2. The biomaterial associated with the recombinant antigen of claim 1, wherein the biomaterial is any one of:

(a) a nucleic acid molecule encoding the recombinant antigen of claim 1;

(b) an expression cassette comprising the nucleic acid molecule of (a);

(c) a recombinant vector comprising the nucleic acid molecule of (a) or the expression cassette of (b);

(d) a recombinant prokaryotic cell comprising the nucleic acid molecule of (a), the expression cassette of (b), or the recombinant vector of (c);

(e) a recombinant eukaryotic cell comprising the nucleic acid molecule of (a), the expression cassette of (b), or the recombinant vector of (c).

3. Use of the recombinant antigen of claim 1 or the biological material of claim 2 for the preparation of a SARS-CoV-2 antibody detection product.

4. Use according to claim 3, wherein the SARS-CoV-2 antibody is an IgM or IgG.

5. The use according to claim 3, wherein the method for detecting SARS-CoV-2 antibody comprises a colloidal gold capture method, a colloidal gold indirect method, a colloidal gold double antigen sandwich method or an ELISA.

6. Use according to claim 3, wherein the product comprises a dipstick or a kit.

7. A test paper for detecting SARS-CoV-2 antibody by colloidal gold capture method is characterized in that it comprises a bottom plate, a sample pad, a combination pad, a coating film and an absorption pad, wherein the sample pad, the combination pad, the coating film and the absorption pad are fixed on the bottom plate in sequence along the flowing direction of the liquid sample to be detected; the binding pad is loaded with gold-labeled protein, wherein the gold-labeled protein comprises nCOVAg 01; the envelope film is provided with a detection area and a quality control area, the detection area is loaded with a mouse anti-human IgM/IgG antibody, and the quality control area is loaded with a goat anti-rabbit polyclonal antibody; nCOVAg01 is a protein composed of the amino acid sequence shown in SEQ ID NO. 9.

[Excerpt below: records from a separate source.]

(* Let $p\ge7$ be prime, let $L/K$ be a finite cyclic Galois extension of number fields, and let $\overline r:G_L\to\mathrm{PGL}_2(\mathbb{F}_p)$ be a continuous homomorphism with cyclotomic determinant. Then $\overline r$ extends to a homomorphism $\overline R:G_K\to\mathrm{PGL}_2(\mathbb{F}_p)$ (i.e. $\overline R|_{G_L}=\overline r$) if and only if $\overline r$ is compatible with $L/K$. Moreover, $\overline r$ admits such an extension $\overline R$ with cyclotomic determinant if and only if $\overline r$ is strongly compatible with $L/K$.
   Context: $G_K=\mathrm{Gal}(\overline{\mathbb{Q}}/K)$. Let $\overline\varepsilon_p^{\mathrm{pr}}:G_{\mathbb{Q}}\to\mathbb{F}_p^\times/\mathbb{F}_p^{\times2}$ be the mod-$p$ cyclotomic character composed with the quotient map; determinants on $\mathrm{PGL}_2(\mathbb{F}_p)$ take values in $\mathbb{F}_p^\times/\mathbb{F}_p^{\times2}$. A homomorphism $\overline\rho:G_L\to\mathrm{PGL}_2(\mathbb{F}_p)$ has cyclotomic determinant if $\det\overline\rho(\sigma)=\overline\varepsilon_p^{\mathrm{pr}}(\sigma)$ for all $\sigma$. For $K\subseteq L$, $\overline\rho$ is invariant with respect to $L/K$ if for every $\tau\in G_K$ there is $g_\tau\in\mathrm{PGL}_2(\mathbb{F}_p)$ with $\overline\rho(\tau\sigma\tau^{-1})=g_\tau\overline\rho(\sigma)g_\tau^{-1}$ for all $\sigma\in G_L$; strongly invariant if moreover the $g_\tau$ can be chosen with $\det g_\tau=\overline\varepsilon_p^{\mathrm{pr}}(\tau)$. It is (strongly) compatible with $L/K$ if it is (strongly) invariant with the $g_\tau$ additionally satisfying $\overline\rho(\tau^{d})=g_\tau^{d}$ for all $\tau\in G_K$, where $d=d_\tau$ is the least positive integer with $\tau^d\in G_L$. *)

theory Defs
  imports "HOL-Algebra.Algebraic_Closure_Type" "HOL-Algebra.Group" "HOL-Number_Theory.Number_Theory"
begin

type_synonym qbar = "rat alg_closure"

definition is_subfield :: "qbar set \<Rightarrow> bool" where
  "is_subfield K \<longleftrightarrow> 0 \<in> K \<and> 1 \<in> K \<and> (\<forall>x\<in>K. \<forall>y\<in>K. x + y \<in> K \<and> x * y \<in> K)
     \<and> (\<forall>x\<in>K. - x \<in> K \<and> inverse x \<in> K)"

definition number_field :: "qbar set \<Rightarrow> bool" where
  "number_field K \<longleftrightarrow> is_subfield K \<and>
     (\<exists>B. finite B \<and> B \<subseteq> K \<and> (\<forall>x\<in>K. \<exists>c::qbar \<Rightarrow> rat. x = (\<Sum>b\<in>B. of_rat (c b) * b)))"

definition field_aut :: "(qbar \<Rightarrow> qbar) \<Rightarrow> bool" where
  "field_aut \<sigma> \<longleftrightarrow> bij \<sigma> \<and> (\<forall>x y. \<sigma> (x + y) = \<sigma> x + \<sigma> y) \<and>
     (\<forall>x y. \<sigma> (x * y) = \<sigma> x * \<sigma> y) \<and> \<sigma> 1 = 1"

definition absGal :: "qbar set \<Rightarrow> (qbar \<Rightarrow> qbar) set" where
  "absGal K = {\<sigma>. field_aut \<sigma> \<and> (\<forall>x\<in>K. \<sigma> x = x)}"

8. The test paper for detecting SARS-CoV-2 antibody by colloidal gold indirect method is characterized by comprising a base plate, a sample pad, a combination pad, a coating film and an absorption pad, wherein the sample pad, the combination pad, the coating film and the absorption pad are fixed on the base plate in turn along the flowing direction of a liquid sample to be detected; the binding pad is loaded with gold-labeled protein, and the gold-labeled protein comprises a mouse anti-human IgG monoclonal antibody or a mouse anti-human IgM antibody; the envelope film is provided with a detection area and a quality control area, the detection area is loaded with nCOVAg02, and the quality control area is loaded with goat anti-rabbit polyclonal antibody; nCOVAg02 is a protein composed of the amino acid sequence shown in SEQ ID NO. 10.

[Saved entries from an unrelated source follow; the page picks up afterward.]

lemma window_div_le:
  "M div r \<le> Suc M div r" "Suc M div r \<le> (M + r - 1) div r"
  "(M + r - 1) div r \<le> Suc (M div r)" "(M + r) div r = Suc (M div r)"
  using two_le_r div_le_mono[of "M + r - 1" "M + r" r] by (simp_all add: div_le_mono)

lemma poly_hseq_next:
  "poly (hseq r (M + r)) x =
     (if (M + r) mod r = 0 then x else 1) * poly (hseq r (M + r - 1)) x - poly (hseq r M) x"
  using hseq_rec[of r "M + r"] two_le_r by simp

text \<open>The \<open>j\<close>-th root of \<open>hseq r (M + r)\<close> is found in the interval \<open>(lower j, upper j)\<close>.\<close>
definition lower :: "nat \<Rightarrow> real" where
  "lower j = (if j < (M + r - 1) div r then \<rho> (M + r - 1) j else 0)"

definition upper :: "nat \<Rightarrow> real" where
  "upper j = (if j = 0 then root_bound r else \<rho> (Suc M) (j - 1))"

lemma sign_at_lower:
  assumes "j \<le> M div r"
  shows "0 < (-1) ^ Suc j * poly (hseq r (M + r)) (lower j)"
proof (cases "j < (M + r - 1) div r")
  case True
  define \<xi> where "\<xi> = \<rho> (M + r - 1) j"
  have "poly (hseq r (M + r - 1)) \<xi> = 0"
    using True two_le_r by (auto simp: poly_hseq_window \<xi>_def)
  moreover have "0 < (-1) ^ j * (\<Prod>i<M div r. \<xi> - \<rho> M i)"
  proof (rule sign_prod_pos_between)
    show "\<rho> M j < \<xi>" if "j < M div r"
      using window_interlaced[of M "M + r - 1"] that two_le_r
      by (simp add: interlaced_def \<xi>_def)
    show "\<xi> < \<rho> M (j - 1)" if "0 < j"
      using window_root_shift_less[of M "M + r - 1" "j - 1"] that True two_le_r
      by (simp add: \<xi>_def)
  qed (use assms two_le_r window_antimono in auto)
  ultimately show ?thesis
    using True two_le_r by (simp add: poly_hseq_next poly_hseq_window[of M] lower_def \<xi>_def)
next
  case False
  with assms window_div_le(1,2) have j: "j = M div r" "(M + r - 1) div r = M div r"
    by linarith+
  then have "M mod r = 0"
    using div_add_pred_eq_Suc_div[of r M] two_le_r by auto
  moreover have "0 < (-1) ^ j * (\<Prod>i<M div r. 0 - \<rho> M i)"
    by (rule sign_prod_pos_between) (use j two_le_r window_root_bounds window_antimono in auto)
  ultimately show ?thesis
    using False two_le_r by (simp add: poly_hseq_next poly_hseq_window lower_def)
qed

lemma sign_at_upper:
  assumes "j \<le> M div r"
  shows "0 < (-1) ^ j * poly (hseq r (M + r)) (upper j)"
proof (cases "j = 0")
  case True
  then show ?thesis
    using poly_hseq_root_bound_pos[OF two_le_r] by (simp add: upper_def)
next
  case False
  define \<eta> where "\<eta> = \<rho> (Suc M) (j - 1)"
  have j: "j - 1 < Suc M div r" "j \<le> (M + r - 1) div r" "Suc M \<le> M + r - 1"
    using assms False window_div_le(1,2) two_le_r by linarith+
  have "0 < \<eta>"
    using window_root_bounds[of "Suc M"] j two_le_r by (simp add: \<eta>_def)
  have old: "0 < (-1) ^ (j - 1) * (\<Prod>i<M div r. \<eta> - \<rho> M i)"
  proof (rule sign_prod_pos_between)
    show "\<rho> M (j - 1) < \<eta>" if "j - 1 < M div r"
      using window_interlaced[of M "Suc M"] that two_le_r by (simp add: interlaced_def \<eta>_def)
    show "\<eta> < \<rho> M (j - 1 - 1)" if "0 < j - 1"
    proof -
      obtain k where "j - 1 = Suc k"
        using \<open>0 < j - 1\<close> gr0_conv_Suc by blast
      then show ?thesis
        using window_root_shift_less[of M "Suc M" k] j two_le_r by (simp add: \<eta>_def)
    qed
  qed (use assms two_le_r window_antimono in auto)
  have last: "0 \<le> (-1) ^ j * (\<Prod>i<(M + r - 1) div r. \<eta> - \<rho> (M + r - 1) i)"
  proof (rule sign_prod_nonneg_between)
    show "\<rho> (M + r - 1) j \<le> \<eta>" if "j < (M + r - 1) div r"
      using window_root_shift_less[of "Suc M" "M + r - 1" "j - 1"] that j False two_le_r
      by (simp add: \<eta>_def)
    show "\<eta> \<le> \<rho> (M + r - 1) (j - 1)"
      using window_root_le[of "Suc M" "M + r - 1" "j - 1"] j by (simp add: \<eta>_def)
  qed (use j window_antimono in auto)
  have "(-1) ^ j * poly (hseq r (M + r)) \<eta> =
      (if (M + r) mod r = 0 then \<eta> else 1) *
        ((-1) ^ j * (\<Prod>i<(M + r - 1) div r. \<eta> - \<rho> (M + r - 1) i))
      + (-1) ^ (j - 1) * (\<Prod>i<M div r. \<eta> - \<rho> M i)"
    using False two_le_r by (cases j) (simp_all add: poly_hseq_next poly_hseq_window algebra_simps)
  also have "\<dots> > 0"
    using old last \<open>0 < \<eta>\<close> by (intro add_nonneg_pos) simp_all
  finally show ?thesis
    using False by (simp add: upper_def \<eta>_def)
qed

lemma lower_less_upper:
  assumes "j \<le> M div r"
  shows "lower j < upper j"
proof (cases "j = 0")
  case True
  then show ?thesis
    using window_root_bounds[of "M + r - 1" 0] root_bound_pos[OF two_le_r] two_le_r
    by (simp add: lower_def upper_def)
next
  case False
  have "Suc M \<le> M + r - 1" "j - 1 < Suc M div r"
    using assms False window_div_le(1) two_le_r by linarith+
  then show ?thesis
    using False window_root_shift_less[of "Suc M" "M + r - 1" "j - 1"] window_root_bounds[of "Suc M" "j - 1"]
    by (simp add: lower_def upper_def)
qed

lemma roots_between:
  "\<exists>\<sigma>. \<forall>j\<le>M div r. lower j < \<sigma> j \<and> \<sigma> j < upper j \<and> poly (hseq r (M + r)) (\<sigma> j) = 0"
proof -
  have "\<exists>x. lower j < x \<and> x < upper j \<and> poly (hseq r (M + r)) x = 0" if "j \<le> M div r" for j
  proof -
    let ?a = "poly (hseq r (M + r)) (lower j)" and ?b = "poly (hseq r (M + r)) (upper j)"
    have "(-1) ^ Suc j * ?a * ((-1) ^ j * ?b) = - (?a * ?b)"
      by (cases "even j") (simp_all add: algebra_simps)
    moreover have "0 < (-1) ^ Suc j * ?a * ((-1) ^ j * ?b)"
      by (rule mult_pos_pos[OF sign_at_lower[OF that] sign_at_upper[OF that]])
    ultimately have "?a * ?b < 0"
      by linarith
    then show ?thesis
      using poly_IVT[OF lower_less_upper[OF that]] by blast
  qed
  then show ?thesis
    by metis
qed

9. A test paper for detecting SARS-CoV-2 antibody by colloidal gold double-antigen sandwich method is characterized in that it comprises a bottom plate, a sample pad, a combination pad, a coating film and an absorption pad, wherein the sample pad, the combination pad, the coating film and the absorption pad are fixed on the bottom plate in sequence along the flowing direction of the liquid sample to be detected; the binding pad is loaded with gold-labeled protein, wherein the gold-labeled protein comprises nCOVAg 01; the envelope film is provided with a detection area and a quality control area, the detection area is loaded with nCOVAg02, and the quality control area is loaded with goat anti-rabbit polyclonal antibody; nCOVAg01 is a protein consisting of the amino acid sequence shown in SEQ ID NO.9, and nCOVAg02 is a protein consisting of the amino acid sequence shown in SEQ ID NO. 10.

10. The test strip according to any one of claims 7 to 9, wherein the sample pad of the test strip is impregnated with a solution containing 0.5 to 1.5v/v% Tween20 and 0.4 to 0.6w/v% PVA, and loaded with anti-RBC antibodies.

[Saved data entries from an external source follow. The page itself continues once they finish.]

theorem theorem3p4:
  fixes r :: nat and pc :: real and p :: "nat \<Rightarrow> real" and a :: "nat list"
  assumes "r \<ge> 1"
    and "0 \<le> pc" and "pc \<le> 1"
    and "\<And>i. 1 \<le> i \<Longrightarrow> i \<le> r \<Longrightarrow> 0 \<le> p i \<and> p i \<le> 1"
    and "pc < 1"
    and "pc * real r * Max (p ` {1..r}) < 1"
    and "set a \<subseteq> {1..r}"
  shows "ExpO r pc p (S 1 a) = ennreal ((\<Sum>i=1..r. p i) / (1 - pc * (\<Sum>i=1..r. p i))) \<and>
         ExpN r pc p (S 1 a) = ennreal ((real r + (\<Sum>i=1..r. p i)) / (1 - pc * (\<Sum>i=1..r. p i)))"
proof -
  have "(\<Sum>i=1..r. p i) \<le> real r * Max (p ` {1..r})"
    using sum_bounded_above[of "{1..r}" p "Max (p ` {1..r})"] by simp
  then have "pc * (\<Sum>i=1..r. p i) \<le> pc * real r * Max (p ` {1..r})"
    using assms(2) by (simp add: mult_left_mono mult.assoc)
  then have "pc * (\<Sum>i=1..r. p i) < 1"
    using assms(6) by linarith
  then interpret block_chain r pc p a
    using assms by unfold_locales auto
  have "ExpO r pc p (S 1 a)
      = (SUP n. expected_weight_upto (kern r pc p) exits (\<lambda>x. if is_output x then 1 else 0) n (S 1 a))"
    unfolding ExpO_def ennreal_length_eq_sum_list
    by (simp add: expected_weight_upto_def weight_before_def sum_list_map_filter')
  also have "\<dots> = ennreal (block_weight 0)"
    by (rule SUP_expected_weight_upto_block_weight) simp_all
  finally have "ExpO r pc p (S 1 a) = ennreal (block_weight 0)" .
  moreover have "ExpN r pc p (S 1 a) = (SUP n. expected_weight_upto (kern r pc p) exits (\<lambda>_. 1) n (S 1 a))"
    unfolding ExpN_def ennreal_length_eq_sum_list by (simp add: expected_weight_upto_def weight_before_def)
  moreover have "\<dots> = ennreal (block_weight 1)"
    by (rule SUP_expected_weight_upto_block_weight) simp_all
  ultimately show ?thesis
    by (simp add: block_weight_def)
qed

end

11. The test strip of claim 10, wherein the fluid sample to be tested comprises whole blood, serum, or plasma.

12. The method of preparing a test strip according to claim 9, wherein the sample pad, the conjugate pad, the envelope and the absorbent pad are fixed to the base plate in this order along the direction of flow of the liquid sample to be tested; the binding pad is loaded with gold-labeled protein, wherein the gold-labeled protein comprises nCOVAg 01; the envelope film is provided with a detection area and a quality control area, wherein the detection area is loaded with nCOVAg02, and the quality control area is loaded with goat anti-rabbit polyclonal antibody.

13. The method of claim 12, wherein the method of preparing the gold-labeled binding pad protein comprises: uniformly mixing the colloidal gold solution and the mouse anti-tag antibody for reaction to obtain a mouse anti-tag antibody-colloidal gold cross-linked complex, and uniformly mixing the complex with nCOVAg01 for reaction to obtain a labeled antigen 1; uniformly mixing the colloidal gold solution and the rabbit IgG for reaction to obtain a labeled antibody 2; and mixing the labeled antigen 1 and the labeled antibody 2 according to the molar ratio of 2-4:7 to obtain a gold-labeled cross-linked complex.

14. The method according to claim 13, wherein the colloidal gold has a particle size of 20 to 30 nm.

15. The method of claim 12, wherein the conjugate pad has 0.6-1.5 μ g of the gold-labeled protein per square centimeter of the conjugate pad.

16. The method of claim 12, wherein the coating film comprises 1.5-2.0 μ g nCOVAg02 per cm of the detection area.

17. The method of claim 12, wherein the coating membrane is loaded with 1.3-2.0 μ g goat anti-rabbit polyclonal antibody per cm of the quality control region.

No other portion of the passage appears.